Saved data entries

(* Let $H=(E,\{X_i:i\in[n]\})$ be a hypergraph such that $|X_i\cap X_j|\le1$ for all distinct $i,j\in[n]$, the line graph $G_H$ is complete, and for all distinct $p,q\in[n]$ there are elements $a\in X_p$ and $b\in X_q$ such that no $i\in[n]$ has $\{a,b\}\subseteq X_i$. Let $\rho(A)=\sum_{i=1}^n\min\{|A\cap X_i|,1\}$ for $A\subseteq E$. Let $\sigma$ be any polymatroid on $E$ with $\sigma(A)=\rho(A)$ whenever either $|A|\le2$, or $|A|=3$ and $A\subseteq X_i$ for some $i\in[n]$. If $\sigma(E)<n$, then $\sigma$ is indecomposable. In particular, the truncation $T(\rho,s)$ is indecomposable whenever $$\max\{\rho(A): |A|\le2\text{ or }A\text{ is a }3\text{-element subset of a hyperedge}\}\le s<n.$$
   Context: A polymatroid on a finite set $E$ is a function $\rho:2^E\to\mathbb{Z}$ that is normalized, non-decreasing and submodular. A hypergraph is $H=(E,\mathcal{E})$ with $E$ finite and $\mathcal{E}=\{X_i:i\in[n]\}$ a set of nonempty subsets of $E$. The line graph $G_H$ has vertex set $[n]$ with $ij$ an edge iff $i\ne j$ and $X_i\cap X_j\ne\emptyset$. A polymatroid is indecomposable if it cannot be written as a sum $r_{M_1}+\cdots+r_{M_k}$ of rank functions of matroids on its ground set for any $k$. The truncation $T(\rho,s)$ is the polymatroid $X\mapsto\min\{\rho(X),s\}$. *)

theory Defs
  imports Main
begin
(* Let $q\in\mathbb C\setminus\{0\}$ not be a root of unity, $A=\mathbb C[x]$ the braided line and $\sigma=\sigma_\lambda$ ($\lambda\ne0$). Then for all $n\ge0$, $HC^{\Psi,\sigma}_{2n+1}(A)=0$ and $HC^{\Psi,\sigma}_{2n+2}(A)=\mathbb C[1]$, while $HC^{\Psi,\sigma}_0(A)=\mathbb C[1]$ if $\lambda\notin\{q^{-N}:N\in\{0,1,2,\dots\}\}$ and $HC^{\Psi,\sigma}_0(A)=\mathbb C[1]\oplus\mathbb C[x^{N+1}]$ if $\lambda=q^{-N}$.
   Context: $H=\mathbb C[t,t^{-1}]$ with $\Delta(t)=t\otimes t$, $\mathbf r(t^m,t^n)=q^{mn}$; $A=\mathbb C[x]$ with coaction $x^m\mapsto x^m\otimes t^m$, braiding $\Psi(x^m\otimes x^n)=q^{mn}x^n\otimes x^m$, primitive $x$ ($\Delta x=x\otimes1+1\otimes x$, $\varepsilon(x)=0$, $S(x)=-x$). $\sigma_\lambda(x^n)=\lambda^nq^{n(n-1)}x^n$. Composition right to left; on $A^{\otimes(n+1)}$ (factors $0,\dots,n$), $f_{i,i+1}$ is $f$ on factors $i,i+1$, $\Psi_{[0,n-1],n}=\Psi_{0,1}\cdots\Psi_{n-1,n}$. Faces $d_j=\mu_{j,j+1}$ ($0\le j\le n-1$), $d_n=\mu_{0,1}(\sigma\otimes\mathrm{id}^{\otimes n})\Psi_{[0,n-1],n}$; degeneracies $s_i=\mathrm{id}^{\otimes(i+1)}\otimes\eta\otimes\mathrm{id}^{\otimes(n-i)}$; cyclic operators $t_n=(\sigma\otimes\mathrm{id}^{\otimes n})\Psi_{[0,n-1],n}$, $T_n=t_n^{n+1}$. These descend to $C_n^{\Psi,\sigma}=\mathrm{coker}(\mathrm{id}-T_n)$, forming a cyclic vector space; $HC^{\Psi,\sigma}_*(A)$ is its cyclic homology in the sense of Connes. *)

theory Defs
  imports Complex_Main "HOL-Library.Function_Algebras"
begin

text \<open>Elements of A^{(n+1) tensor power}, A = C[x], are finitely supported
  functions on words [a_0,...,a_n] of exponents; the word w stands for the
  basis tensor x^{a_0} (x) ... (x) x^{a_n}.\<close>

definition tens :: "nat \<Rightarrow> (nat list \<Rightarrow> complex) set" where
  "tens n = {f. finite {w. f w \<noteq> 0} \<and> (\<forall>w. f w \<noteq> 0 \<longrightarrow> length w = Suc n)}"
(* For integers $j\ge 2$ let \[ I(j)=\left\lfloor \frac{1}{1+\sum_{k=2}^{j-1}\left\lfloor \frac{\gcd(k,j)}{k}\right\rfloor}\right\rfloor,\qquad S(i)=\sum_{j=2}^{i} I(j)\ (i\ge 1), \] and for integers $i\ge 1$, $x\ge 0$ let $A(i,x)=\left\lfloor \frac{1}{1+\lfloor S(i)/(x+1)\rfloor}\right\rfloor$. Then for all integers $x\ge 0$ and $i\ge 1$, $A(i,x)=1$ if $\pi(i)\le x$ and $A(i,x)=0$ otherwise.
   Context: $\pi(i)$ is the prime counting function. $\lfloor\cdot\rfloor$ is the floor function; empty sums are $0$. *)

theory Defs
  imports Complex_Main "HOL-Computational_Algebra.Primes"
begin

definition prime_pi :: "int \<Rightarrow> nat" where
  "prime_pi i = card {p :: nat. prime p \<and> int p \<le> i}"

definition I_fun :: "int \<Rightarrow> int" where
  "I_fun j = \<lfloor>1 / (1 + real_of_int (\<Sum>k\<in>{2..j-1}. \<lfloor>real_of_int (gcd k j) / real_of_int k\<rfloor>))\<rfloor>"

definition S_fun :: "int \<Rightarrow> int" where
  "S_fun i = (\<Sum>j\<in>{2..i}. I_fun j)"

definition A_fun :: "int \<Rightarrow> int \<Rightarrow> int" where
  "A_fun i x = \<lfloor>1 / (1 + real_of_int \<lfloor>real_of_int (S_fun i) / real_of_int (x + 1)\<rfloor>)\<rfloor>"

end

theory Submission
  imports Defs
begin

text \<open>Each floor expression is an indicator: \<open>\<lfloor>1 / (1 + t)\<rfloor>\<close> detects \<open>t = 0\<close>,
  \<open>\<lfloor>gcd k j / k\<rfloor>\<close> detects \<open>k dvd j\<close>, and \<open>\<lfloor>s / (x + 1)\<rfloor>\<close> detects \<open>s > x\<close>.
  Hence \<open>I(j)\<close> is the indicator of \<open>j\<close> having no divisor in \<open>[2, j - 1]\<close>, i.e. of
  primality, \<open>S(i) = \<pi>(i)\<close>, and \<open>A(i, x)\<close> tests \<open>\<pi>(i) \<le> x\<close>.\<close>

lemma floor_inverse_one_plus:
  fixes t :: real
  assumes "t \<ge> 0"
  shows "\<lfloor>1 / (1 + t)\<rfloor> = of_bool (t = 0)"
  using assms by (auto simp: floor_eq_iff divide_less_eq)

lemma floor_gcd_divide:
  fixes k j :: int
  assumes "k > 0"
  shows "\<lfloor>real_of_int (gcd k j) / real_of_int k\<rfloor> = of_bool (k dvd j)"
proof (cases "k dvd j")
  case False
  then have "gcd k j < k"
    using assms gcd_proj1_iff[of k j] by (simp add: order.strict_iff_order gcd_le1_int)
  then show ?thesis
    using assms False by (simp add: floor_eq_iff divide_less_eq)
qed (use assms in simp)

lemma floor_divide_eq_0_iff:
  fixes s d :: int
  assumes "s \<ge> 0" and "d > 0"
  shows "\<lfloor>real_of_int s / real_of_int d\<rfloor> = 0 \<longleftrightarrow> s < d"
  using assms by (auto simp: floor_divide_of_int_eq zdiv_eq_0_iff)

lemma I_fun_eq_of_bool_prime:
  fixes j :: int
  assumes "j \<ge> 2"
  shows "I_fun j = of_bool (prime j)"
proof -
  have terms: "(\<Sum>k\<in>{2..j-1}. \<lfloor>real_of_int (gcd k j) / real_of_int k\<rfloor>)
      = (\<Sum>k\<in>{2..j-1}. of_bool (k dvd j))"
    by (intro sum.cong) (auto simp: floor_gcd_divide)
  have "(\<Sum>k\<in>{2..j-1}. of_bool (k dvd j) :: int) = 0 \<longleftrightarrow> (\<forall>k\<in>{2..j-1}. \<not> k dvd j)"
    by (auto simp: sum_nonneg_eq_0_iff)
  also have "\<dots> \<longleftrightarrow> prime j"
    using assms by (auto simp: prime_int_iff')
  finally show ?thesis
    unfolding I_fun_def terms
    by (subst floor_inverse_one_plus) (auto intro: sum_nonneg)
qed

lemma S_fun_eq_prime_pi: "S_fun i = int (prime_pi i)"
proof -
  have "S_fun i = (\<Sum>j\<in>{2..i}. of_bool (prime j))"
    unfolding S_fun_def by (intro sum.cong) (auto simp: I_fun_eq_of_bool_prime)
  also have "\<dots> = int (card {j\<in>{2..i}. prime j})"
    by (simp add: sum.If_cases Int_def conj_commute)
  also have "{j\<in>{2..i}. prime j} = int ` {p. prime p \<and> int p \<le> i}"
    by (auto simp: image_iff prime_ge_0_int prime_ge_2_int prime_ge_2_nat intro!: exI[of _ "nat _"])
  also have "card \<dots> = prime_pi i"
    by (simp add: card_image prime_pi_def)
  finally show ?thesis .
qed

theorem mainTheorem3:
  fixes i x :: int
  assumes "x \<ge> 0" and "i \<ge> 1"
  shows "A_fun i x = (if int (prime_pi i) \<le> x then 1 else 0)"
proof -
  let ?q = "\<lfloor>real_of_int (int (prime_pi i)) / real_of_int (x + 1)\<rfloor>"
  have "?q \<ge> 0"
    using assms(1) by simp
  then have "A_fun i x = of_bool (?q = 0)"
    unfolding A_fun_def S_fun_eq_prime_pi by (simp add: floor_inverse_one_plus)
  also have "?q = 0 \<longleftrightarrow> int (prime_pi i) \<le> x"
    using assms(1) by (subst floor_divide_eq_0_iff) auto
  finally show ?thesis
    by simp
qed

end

▸ WORK ORDER:
Return exactly the lines from the beginning of the data above through the one containing "(* Let $q\in\mathbb", please. Include both end lines and add nothing else.

▸ ANSWER TO THIS PROBLEM:
(* Let $H=(E,\{X_i:i\in[n]\})$ be a hypergraph such that $|X_i\cap X_j|\le1$ for all distinct $i,j\in[n]$, the line graph $G_H$ is complete, and for all distinct $p,q\in[n]$ there are elements $a\in X_p$ and $b\in X_q$ such that no $i\in[n]$ has $\{a,b\}\subseteq X_i$. Let $\rho(A)=\sum_{i=1}^n\min\{|A\cap X_i|,1\}$ for $A\subseteq E$. Let $\sigma$ be any polymatroid on $E$ with $\sigma(A)=\rho(A)$ whenever either $|A|\le2$, or $|A|=3$ and $A\subseteq X_i$ for some $i\in[n]$. If $\sigma(E)<n$, then $\sigma$ is indecomposable. In particular, the truncation $T(\rho,s)$ is indecomposable whenever $$\max\{\rho(A): |A|\le2\text{ or }A\text{ is a }3\text{-element subset of a hyperedge}\}\le s<n.$$
   Context: A polymatroid on a finite set $E$ is a function $\rho:2^E\to\mathbb{Z}$ that is normalized, non-decreasing and submodular. A hypergraph is $H=(E,\mathcal{E})$ with $E$ finite and $\mathcal{E}=\{X_i:i\in[n]\}$ a set of nonempty subsets of $E$. The line graph $G_H$ has vertex set $[n]$ with $ij$ an edge iff $i\ne j$ and $X_i\cap X_j\ne\emptyset$. A polymatroid is indecomposable if it cannot be written as a sum $r_{M_1}+\cdots+r_{M_k}$ of rank functions of matroids on its ground set for any $k$. The truncation $T(\rho,s)$ is the polymatroid $X\mapsto\min\{\rho(X),s\}$. *)

theory Defs
  imports Main
begin
(* Let $q\in\mathbb C\setminus\{0\}$ not be a root of unity, $A=\mathbb C[x]$ the braided line and $\sigma=\sigma_\lambda$ ($\lambda\ne0$). Then for all $n\ge0$, $HC^{\Psi,\sigma}_{2n+1}(A)=0$ and $HC^{\Psi,\sigma}_{2n+2}(A)=\mathbb C[1]$, while $HC^{\Psi,\sigma}_0(A)=\mathbb C[1]$ if $\lambda\notin\{q^{-N}:N\in\{0,1,2,\dots\}\}$ and $HC^{\Psi,\sigma}_0(A)=\mathbb C[1]\oplus\mathbb C[x^{N+1}]$ if $\lambda=q^{-N}$.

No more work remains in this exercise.